Because ++ is the "post increment" operator - it returns the value of the variable before it gets incremented.

The steps are:

• Take the value of i (before incrementing it) and remember it
• Increment i
• Assigned the remembered value to i

Answer 2

Because the post increment operator returns a temporal value (x´s current value) and then increments x.

Try it like this:

class T {
    public static void main(String args[]) {
        int x = 0;
        x = ++x;
        System.out.println(x);
    }
}

Answer 3

x = x++;

is equivalent to

 temp = x;

 x = x + 1;

 x = temp;

That's why the output is zero.

This operator is known as post increment operator. Other operator related to post increment operator is, per-increment operator.

x = ++x;

If you apply per-increment output will be 1.

Answer 4

Because you've used a postfix ++ operator, which means it's evaluated after the assignment. So first x = x is evaluated, so x stays as 0, and then x++ is evaluated, but the result is not assigned to anything.

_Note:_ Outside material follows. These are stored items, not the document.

(* Let $(\mathcal A,\jmath)_K$ be a $\mathrm{C}^*$-net bundle and let $(F;\tilde o,o)$ be a $1$-simplex in the domain of its Čech cocycle, i.e. there is a ${}^*$-isomorphism $\zeta^F_{\tilde oo}:\mathcal A^F_o\to\mathcal A^F_{\tilde o}$ with $\zeta^F_{\tilde oo}\circ\jmath_{oa}=\jmath_{\tilde oa}$ for all $a\in F$. Then $\zeta^F_{\tilde oo}=\jmath_{\tilde oa}\circ\jmath_{ao}$ for all $a\in F$, and $\jmath_{a_2o}\circ\jmath_{oa_1}=\jmath_{a_2\tilde o}\circ\jmath_{\tilde oa_1}$ for all $a_1,a_2\in F$.
   Context: A $\mathrm{C}^*$-net bundle $(\mathcal A,\jmath)_K$ over a poset $K$: unital $\mathrm{C}^*$-algebras $\mathcal A_o$ and ${}^*$-isomorphisms $\jmath_{oa}:\mathcal A_a\to\mathcal A_o$ ($a\le o$) with $\jmath_{oa}\circ\jmath_{ae}=\jmath_{oe}$; for $a\le o$ one writes $\jmath_{ao}:=\jmath_{oa}^{-1}$. For nonempty $F\subseteq K$ and $o,\tilde o\in K$, $(F;\tilde o,o)$ is a $1$-simplex of $\Sigma^\circ_*(K)$ when every element of $F$ is $\le o$ and $\le\tilde o$. $\mathcal A^F_o$ is the $\mathrm{C}^*$-subalgebra of $\mathcal A_o$ generated by the $\jmath_{oa}(\mathcal A_a)$, $a\in F$ (for a net bundle it equals $\mathcal A_o$). The domain of the Čech cocycle is the largest symmetric subsimplicial set of $\Sigma^\circ_*(K)$ on whose $1$-simplices $(F;\tilde o,o)$ such isomorphisms $\zeta^F_{\tilde oo}$ exist. *)

theory Defs
  imports Complex_Main
begin

record 'x calg =
  ca_carrier :: "'x set"
  ca_add :: "'x \<Rightarrow> 'x \<Rightarrow> 'x"
  ca_smul :: "complex \<Rightarrow> 'x \<Rightarrow> 'x"
  ca_zero :: "'x"
  ca_mul :: "'x \<Rightarrow> 'x \<Rightarrow> 'x"
  ca_one :: "'x"
  ca_star :: "'x \<Rightarrow> 'x"
  ca_norm :: "'x \<Rightarrow> real"

definition ca_sub :: "'x calg \<Rightarrow> 'x \<Rightarrow> 'x \<Rightarrow> 'x" where
  "ca_sub A x y = ca_add A x (ca_smul A (-1) y)"

definition unital_cstar_algebra :: "'x calg \<Rightarrow> bool" where
  "unital_cstar_algebra A \<longleftrightarrow>
    (let C = ca_carrier A; p = ca_add A; s = ca_smul A; z = ca_zero A;
         m = ca_mul A; u = ca_one A; st = ca_star A; n = ca_norm A in
     \<comment> \<open>complex vector space\<close>
     z \<in> C \<and> u \<in> C \<and>
     (\<forall>x\<in>C. \<forall>y\<in>C. p x y \<in> C \<and> m x y \<in> C) \<and>
     (\<forall>c. \<forall>x\<in>C. s c x \<in> C) \<and> (\<forall>x\<in>C. st x \<in> C) \<and>
     (\<forall>x\<in>C. \<forall>y\<in>C. \<forall>w\<in>C. p (p x y) w = p x (p y w)) \<and>
     (\<forall>x\<in>C. \<forall>y\<in>C. p x y = p y x) \<and>
     (\<forall>x\<in>C. p z x = x) \<and>
     (\<forall>x\<in>C. p x (s (-1) x) = z) \<and>
     (\<forall>x\<in>C. s 1 x = x) \<and>
     (\<forall>a b. \<forall>x\<in>C. s a (s b x) = s (a * b) x) \<and>
     (\<forall>a b. \<forall>x\<in>C. s (a + b) x = p (s a x) (s b x)) \<and>
     (\<forall>a. \<forall>x\<in>C. \<forall>y\<in>C. s a (p x y) = p (s a x) (s a y)) \<and>
     \<comment> \<open>associative unital algebra\<close>
     (\<forall>x\<in>C. \<forall>y\<in>C. \<forall>w\<in>C. m (m x y) w = m x (m y w)) \<and>
     (\<forall>x\<in>C. \<forall>y\<in>C. \<forall>w\<in>C. m x (p y w) = p (m x y) (m x w)) \<and>
     (\<forall>x\<in>C. \<forall>y\<in>C. \<forall>w\<in>C. m (p x y) w = p (m x w) (m y w)) \<and>
     (\<forall>a. \<forall>x\<in>C. \<forall>y\<in>C. m (s a x) y = s a (m x y) \<and> m x (s a y) = s a (m x y)) \<and>
     (\<forall>x\<in>C. m u x = x \<and> m x u = x) \<and>
     \<comment> \<open>involution\<close>
     (\<forall>x\<in>C. st (st x) = x) \<and>
     (\<forall>x\<in>C. \<forall>y\<in>C. st (p x y) = p (st x) (st y)) \<and>
     (\<forall>a. \<forall>x\<in>C. st (s a x) = s (cnj a) (st x)) \<and>
     (\<forall>x\<in>C. \<forall>y\<in>C. st (m x y) = m (st y) (st x)) \<and>
     \<comment> \<open>submultiplicative norm\<close>
     (\<forall>x\<in>C. 0 \<le> n x \<and> (n x = 0 \<longleftrightarrow> x = z)) \<and>
     (\<forall>x\<in>C. \<forall>y\<in>C. n (p x y) \<le> n x + n y) \<and>
     (\<forall>a. \<forall>x\<in>C. n (s a x) = cmod a * n x) \<and>
     (\<forall>x\<in>C. \<forall>y\<in>C. n (m x y) \<le> n x * n y) \<and>
     \<comment> \<open>completeness\<close>
     (\<forall>X::nat \<Rightarrow> 'x. (\<forall>k. X k \<in> C) \<and>
          (\<forall>e>0. \<exists>N. \<forall>i\<ge>N. \<forall>j\<ge>N. n (ca_sub A (X i) (X j)) < e) \<longrightarrow>
          (\<exists>x\<in>C. \<forall>e>0. \<exists>N. \<forall>i\<ge>N. n (ca_sub A (X i) x) < e)) \<and>
     \<comment> \<open>C*-identity\<close>
     (\<forall>x\<in>C. n (m (st x) x) = n x ^ 2))"

definition star_iso :: "'x calg \<Rightarrow> 'x calg \<Rightarrow> ('x \<Rightarrow> 'x) \<Rightarrow> bool" where
  "star_iso A B f \<longleftrightarrow>
     bij_betw f (ca_carrier A) (ca_carrier B) \<and>
     (\<forall>x\<in>ca_carrier A. \<forall>y\<in>ca_carrier A.
        f (ca_add A x y) = ca_add B (f x) (f y) \<and> f (ca_mul A x y) = ca_mul B (f x) (f y)) \<and>
     (\<forall>c. \<forall>x\<in>ca_carrier A. f (ca_smul A c x) = ca_smul B c (f x)) \<and>
     (\<forall>x\<in>ca_carrier A. f (ca_star A x) = ca_star B (f x))"

text \<open>C*-net bundle over the poset K; j p a : A_a -> A_p for a <= p.\<close>
definition cstar_net_bundle ::
  "'o::order set \<Rightarrow> ('o \<Rightarrow> 'x calg) \<Rightarrow> ('o \<Rightarrow> 'o \<Rightarrow> 'x \<Rightarrow> 'x) \<Rightarrow> bool" where
  "cstar_net_bundle K A j \<longleftrightarrow>
     (\<forall>p\<in>K. unital_cstar_algebra (A p)) \<and>
     (\<forall>p\<in>K. \<forall>a\<in>K. a \<le> p \<longrightarrow> star_iso (A a) (A p) (j p a)) \<and>
     (\<forall>p\<in>K. \<forall>a\<in>K. \<forall>e\<in>K. e \<le> a \<and> a \<le> p \<longrightarrow>
        (\<forall>x\<in>ca_carrier (A e). j p a (j a e x) = j p e x))"

text \<open>j_{ao} is the inverse of j_{oa} for a <= o.\<close>
definition jinv :: "('o \<Rightarrow> 'x calg) \<Rightarrow> ('o \<Rightarrow> 'o \<Rightarrow> 'x \<Rightarrow> 'x) \<Rightarrow> 'o \<Rightarrow> 'o \<Rightarrow> 'x \<Rightarrow> 'x" where
  "jinv A j a p = inv_into (ca_carrier (A a)) (j p a)"

text \<open>1-simplex (F; ot, o) of Sigma_*(K), with o renamed p.\<close>
definition one_simplex :: "'o::order set \<Rightarrow> 'o set \<Rightarrow> 'o \<Rightarrow> 'o \<Rightarrow> bool" where
  "one_simplex K F pt p \<longleftrightarrow> F \<noteq> {} \<and> F \<subseteq> K \<and> p \<in> K \<and> pt \<in> K \<and>
     (\<forall>a\<in>F. a \<le> p \<and> a \<le> pt)"

definition cstar_subalgebra :: "'x calg \<Rightarrow> 'x set \<Rightarrow> bool" where
  "cstar_subalgebra A B \<longleftrightarrow> B \<subseteq> ca_carrier A \<and> ca_zero A \<in> B \<and>
     (\<forall>x\<in>B. \<forall>y\<in>B. ca_add A x y \<in> B \<and> ca_mul A x y \<in> B) \<and>
     (\<forall>c. \<forall>x\<in>B. ca_smul A c x \<in> B) \<and> (\<forall>x\<in>B. ca_star A x \<in> B) \<and>
     (\<forall>(X::nat \<Rightarrow> 'x) x. (\<forall>k. X k \<in> B) \<and> x \<in> ca_carrier A \<and>
        (\<forall>e>0. \<exists>N. \<forall>i\<ge>N. ca_norm A (ca_sub A (X i) x) < e) \<longrightarrow> x \<in> B)"

definition generated_cstar :: "'x calg \<Rightarrow> 'x set \<Rightarrow> 'x set" where
  "generated_cstar A S = \<Inter> {B. cstar_subalgebra A B \<and> S \<subseteq> B}"

definition algF :: "('o \<Rightarrow> 'x calg) \<Rightarrow> ('o \<Rightarrow> 'o \<Rightarrow> 'x \<Rightarrow> 'x) \<Rightarrow> 'o set \<Rightarrow> 'o \<Rightarrow> 'x set" where
  "algF A j F p = generated_cstar (A p) (\<Union>a\<in>F. j p a ` ca_carrier (A a))"

end

theory Submission
  imports Defs
begin

text \<open>Every inclusion j(o,a) is a bijection, so an isomorphism \<zeta> intertwining j(o,a) with
  j(o',a) is forced to equal j(o',a) composed with the inverse of j(o,a) on the whole algebra
  at o, which contains the one generated by F; comparing these expressions for two points of F
  gives the cocycle identity.\<close>

lemma jinv_mem:
  assumes "bij_betw (j p a) (ca_carrier (A a)) (ca_carrier (A p))" "y \<in> ca_carrier (A p)"
  shows "jinv A j a p y \<in> ca_carrier (A a)"
  using assms unfolding jinv_def by (meson bij_betw_apply bij_betw_inv_into)

lemma j_jinv:
  assumes "bij_betw (j p a) (ca_carrier (A a)) (ca_carrier (A p))" "y \<in> ca_carrier (A p)"
  shows "j p a (jinv A j a p y) = y"
  using assms unfolding jinv_def by (meson bij_betw_inv_into_right)

lemma jinv_j:
  assumes "bij_betw (j p a) (ca_carrier (A a)) (ca_carrier (A p))" "x \<in> ca_carrier (A a)"
  shows "jinv A j a p (j p a x) = x"
  using assms unfolding jinv_def by (meson bij_betw_inv_into_left)

lemma cstar_net_bundle_bij:
  assumes "cstar_net_bundle K A j" "p \<in> K" "a \<in> K" "a \<le> p"
  shows "bij_betw (j p a) (ca_carrier (A a)) (ca_carrier (A p))"
  using assms unfolding cstar_net_bundle_def star_iso_def by blast

lemma cstar_subalgebra_carrier:
  assumes "unital_cstar_algebra A"
  shows "cstar_subalgebra A (ca_carrier A)"
  using assms unfolding unital_cstar_algebra_def cstar_subalgebra_def Let_def by simp

lemma generated_cstar_subset_carrier:
  assumes "unital_cstar_algebra A" "S \<subseteq> ca_carrier A"
  shows "generated_cstar A S \<subseteq> ca_carrier A"
  using assms cstar_subalgebra_carrier unfolding generated_cstar_def by blast

lemma algF_subset_carrier:
  assumes "cstar_net_bundle K A j" "p \<in> K" "F \<subseteq> K" "\<forall>a\<in>F. a \<le> p"
  shows "algF A j F p \<subseteq> ca_carrier (A p)"
proof -
  have "(\<Union>a\<in>F. j p a ` ca_carrier (A a)) \<subseteq> ca_carrier (A p)"
    using assms cstar_net_bundle_bij by (fastforce simp: bij_betw_def)
  moreover have "unital_cstar_algebra (A p)"
    using assms(1,2) unfolding cstar_net_bundle_def by simp
  ultimately show ?thesis
    unfolding algF_def by (rule generated_cstar_subset_carrier[rotated])
qed

lemma intertwiner_eq_transport:
  assumes "bij_betw (j p a) (ca_carrier (A a)) (ca_carrier (A p))"
    and "\<forall>x\<in>ca_carrier (A a). \<zeta> (j p a x) = j pt a x"
    and "y \<in> ca_carrier (A p)"
  shows "\<zeta> y = j pt a (jinv A j a p y)"
  using assms jinv_mem j_jinv by metis

lemma jinv_transport_eq:
  assumes bij_p: "bij_betw (j p a2) (ca_carrier (A a2)) (ca_carrier (A p))"
    and bij_pt: "bij_betw (j pt a2) (ca_carrier (A a2)) (ca_carrier (A pt))"
    and "j p a1 x \<in> ca_carrier (A p)"
    and "\<zeta> (j p a1 x) = j pt a1 x"
    and "\<forall>z\<in>ca_carrier (A a2). \<zeta> (j p a2 z) = j pt a2 z"
  shows "jinv A j a2 p (j p a1 x) = jinv A j a2 pt (j pt a1 x)"
proof -
  define z where "z = jinv A j a2 p (j p a1 x)"
  have z: "z \<in> ca_carrier (A a2)" "j p a2 z = j p a1 x"
    unfolding z_def using assms(3) bij_p jinv_mem j_jinv by metis+
  then have "j pt a2 z = j pt a1 x"
    using assms(4,5) by metis
  then show ?thesis
    using jinv_j[where j=j and A=A, OF bij_pt z(1)] by (simp add: z_def)
qed

theorem lemma5p5:
  fixes K :: "'o::order set" and A :: "'o \<Rightarrow> 'x calg" and j :: "'o \<Rightarrow> 'o \<Rightarrow> 'x \<Rightarrow> 'x"
    and F :: "'o set" and pt p :: 'o and \<zeta> :: "'x \<Rightarrow> 'x"
  assumes "cstar_net_bundle K A j"
    and "one_simplex K F pt p"
    and "star_iso ((A p)\<lparr>ca_carrier := algF A j F p\<rparr>) ((A pt)\<lparr>ca_carrier := algF A j F pt\<rparr>) \<zeta>"
    and "\<forall>a\<in>F. \<forall>x\<in>ca_carrier (A a). \<zeta> (j p a x) = j pt a x"
  shows "(\<forall>a\<in>F. \<forall>x\<in>algF A j F p. \<zeta> x = j pt a (jinv A j a p x)) \<and>
         (\<forall>a1\<in>F. \<forall>a2\<in>F. \<forall>x\<in>ca_carrier (A a1).
            jinv A j a2 p (j p a1 x) = jinv A j a2 pt (j pt a1 x))"
proof -
  have simplex: "p \<in> K" "pt \<in> K" "F \<subseteq> K" "\<forall>a\<in>F. a \<le> p" "\<forall>a\<in>F. a \<le> pt"
    using assms(2) unfolding one_simplex_def by auto
  have bij_p: "bij_betw (j p a) (ca_carrier (A a)) (ca_carrier (A p))"
    and bij_pt: "bij_betw (j pt a) (ca_carrier (A a)) (ca_carrier (A pt))" if "a \<in> F" for a
    using that simplex cstar_net_bundle_bij[OF assms(1)] by blast+
  have "\<zeta> x = j pt a (jinv A j a p x)" if "a \<in> F" "x \<in> algF A j F p" for a x
    using intertwiner_eq_transport[where j=j and A=A, OF bij_p] algF_subset_carrier[OF assms(1) simplex(1,3,4)]
      assms(4) that by blast
  moreover have "jinv A j a2 p (j p a1 x) = jinv A j a2 pt (j pt a1 x)"
    if "a1 \<in> F" "a2 \<in> F" "x \<in> ca_carrier (A a1)" for a1 a2 x
    using jinv_transport_eq[where j=j and A=A, OF bij_p bij_pt] bij_betw_apply[OF bij_p] assms(4) that
    by blast
  ultimately show ?thesis by blast
qed

end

You could use the prefix ++ operator to achieve your desired result: x = ++x;

From the docs:

The increment/decrement operators can be applied before (prefix) or after (postfix) the operand. The code result++; and ++result; will both end in result being incremented by one. The only difference is that the prefix version (++result) evaluates to the incremented value, whereas the postfix version (result++) evaluates to the original value.

Answer 5

x++ returns zero and then increments x. The assignment x = x++ sets x (after it has been incremented) to the return value of x++, which was 0.

Answer 6

because ++ after is add after the program runs. you can fix it by the following two ways

class T {
    public static void main(String args[]) {
        int x = 0;
        x = ++x;
        System.out.println(x);
    }
}

or

class T {
    public static void main(String args[]) {
        int x = 0;
        x += 1;
        System.out.println(x);
    }
}

Answer 7

It's because x++ effectively means, "use the value stored in x and then increment it". If you want to increment the value before you use it, do ++x instead.

Answer 8

I don't now that it will make a difference in the output, but you don't need the import and you can change:

x = x++;

to:

x++;

Answer 9

Showing example of post increment with regular increment, as previous answerers said:

class T { 
    public static void main(String args[]) { 
        for (int i = 0; i < 6; i++) {
          int x = 0; 
          x = x+1+i; 
          System.out.println(x); 
        }
    } 
} 

Answer 10

The first result of this search is this link.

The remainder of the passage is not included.